**Task details**: Using the entries that follow, write out the line containing "Context: For $R\in\mathbb", the line containing "theory Defs", and every line between them, exactly and nothing else.
━━ Provided material
(* Let $k\ge1$, let $q_1,\dots,q_k$ be integers and $h_{i,j}$ ($1\le i\le k$, $j\in\{0,1\}$) integers. Let $H(t)\in\mathbb Q(t)$ with $H\not\equiv0\pmod p$, where $p$ is a prime with $p\ge k+\deg H$, $p\nmid q_1\cdots q_k$, and such that if $H(t)$ reduces to a polynomial modulo $p$ then $\deg_p H\ge k$. Define $$H^+(t):=\sum_{j_1,\dots,j_k\in\{0,1\}}(-1)^{j_1+\cdots+j_k}H(t+h_{1,j_1}q_1+\cdots+h_{k,j_k}q_k).$$ Then $$v_p\big(H^+(t)\big)=\sum_{i=1}^k v_p(h_{i,1}-h_{i,0})=:v_p(\mathbf h).$$ Moreover, assuming that if $H(t)$ reduces to a polynomial modulo $p$ then $\deg_p H>k$, for any integer $b$ we have $$v_p\big(H^+(t)+b\big)=\min\{v_p(\mathbf h),v_p(b)\}.$$
   Context: For $R\in\mathbb Q(t)$ write $R=R_+/R_-$ with $R_\pm\in\mathbb Z[t]$ coprime; $\deg R=\max(\deg R_+,\deg R_-)$ and $\deg_p R$ is the degree of the reduction modulo $p$. For a rational number $r=p^e a/b$ with $p\nmid ab$, $v_p(r)=e$, and $v_p(0)=\infty$. For a nonzero rational function $R$, $v_p(R)$ is the integer $e$ such that $R=p^eR_0$ with $R_0\in\mathbb Q(t)$ having $p$-integral reduction not identically $0$ modulo $p$ (i.e. $R_0\not\equiv0\pmod p$); $v_p(0)=\infty$. *)

theory Defs
  imports "HOL-Computational_Algebra.Computational_Algebra" "HOL-Library.Extended_Real" "HOL-Library.FuncSet"
begin

type_synonym ratfun = "rat poly fract"

definition ratfun_of :: "int poly \<Rightarrow> int poly \<Rightarrow> ratfun" where
  "ratfun_of A B = Fract (map_poly of_int A) (map_poly of_int B)"

definition nonzero_mod :: "nat \<Rightarrow> int poly \<Rightarrow> bool" where
  "nonzero_mod p A \<longleftrightarrow> (\<exists>i. \<not> int p dvd coeff A i)"

definition vp_rat :: "nat \<Rightarrow> rat \<Rightarrow> ereal" where
  "vp_rat p r = (if r = 0 then \<infinity> else
     ereal (of_int (THE e::int. \<exists>a b::int. \<not> int p dvd a \<and> \<not> int p dvd b \<and>
        r = (of_nat p) powi e * (of_int a / of_int b))))"

text \<open>p-adic valuation of a rational function: R = p^e R_0 with R_0 p-integral and
  with reduction not identically 0 mod p, i.e. R_0 = A/B with A, B integer polynomials
  both not identically 0 mod p.\<close>
definition vp_ratfun :: "nat \<Rightarrow> ratfun \<Rightarrow> ereal" where
  "vp_ratfun p R = (if R = 0 then \<infinity> else
     ereal (of_int (THE e::int. \<exists>A B::int poly. nonzero_mod p A \<and> nonzero_mod p B \<and>
        R = Fract [:(of_nat p) powi e:] 1 * ratfun_of A B)))"

text \<open>Degree of a rational function given in lowest terms R_+/R_-.\<close>
definition deg_ratfun :: "int poly \<Rightarrow> int poly \<Rightarrow> nat" where
  "deg_ratfun Rp Rm = max (degree Rp) (degree Rm)"

definition red_mod :: "nat \<Rightarrow> int poly \<Rightarrow> int poly" where
  "red_mod p A = map_poly (\<lambda>c. c mod int p) A"

definition reduces_to_poly :: "nat \<Rightarrow> int poly \<Rightarrow> int poly \<Rightarrow> bool" where
  "reduces_to_poly p Rp Rm \<longleftrightarrow> (\<exists>Q. red_mod p Rp = red_mod p (Q * Rm))"

definition deg_p :: "nat \<Rightarrow> int poly \<Rightarrow> int poly \<Rightarrow> nat" where
  "deg_p p Rp Rm = degree (red_mod p (SOME Q. red_mod p Rp = red_mod p (Q * Rm)))"

definition shift_ratfun :: "int poly \<Rightarrow> int poly \<Rightarrow> int \<Rightarrow> ratfun" where
  "shift_ratfun Rp Rm c = ratfun_of (pcompose Rp [:c, 1:]) (pcompose Rm [:c, 1:])"

definition Hplus :: "nat \<Rightarrow> (nat \<Rightarrow> int) \<Rightarrow> (nat \<Rightarrow> nat \<Rightarrow> int) \<Rightarrow> int poly \<Rightarrow> int poly \<Rightarrow> ratfun" where
  "Hplus k q h Hp Hm = (\<Sum>j \<in> PiE {1..k} (\<lambda>_. {0,1::nat}).
     (-1) ^ (\<Sum>i=1..k. j i) * shift_ratfun Hp Hm (\<Sum>i=1..k. h i (j i) * q i))"

end

theory Submission
  imports Defs
begin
━━━━
**Exercise response**:
   Context: For $R\in\mathbb Q(t)$ write $R=R_+/R_-$ with $R_\pm\in\mathbb Z[t]$ coprime; $\deg R=\max(\deg R_+,\deg R_-)$ and $\deg_p R$ is the degree of the reduction modulo $p$. For a rational number $r=p^e a/b$ with $p\nmid ab$, $v_p(r)=e$, and $v_p(0)=\infty$. For a nonzero rational function $R$, $v_p(R)$ is the integer $e$ such that $R=p^eR_0$ with $R_0\in\mathbb Q(t)$ having $p$-integral reduction not identically $0$ modulo $p$ (i.e. $R_0\not\equiv0\pmod p$); $v_p(0)=\infty$. *)

theory Defs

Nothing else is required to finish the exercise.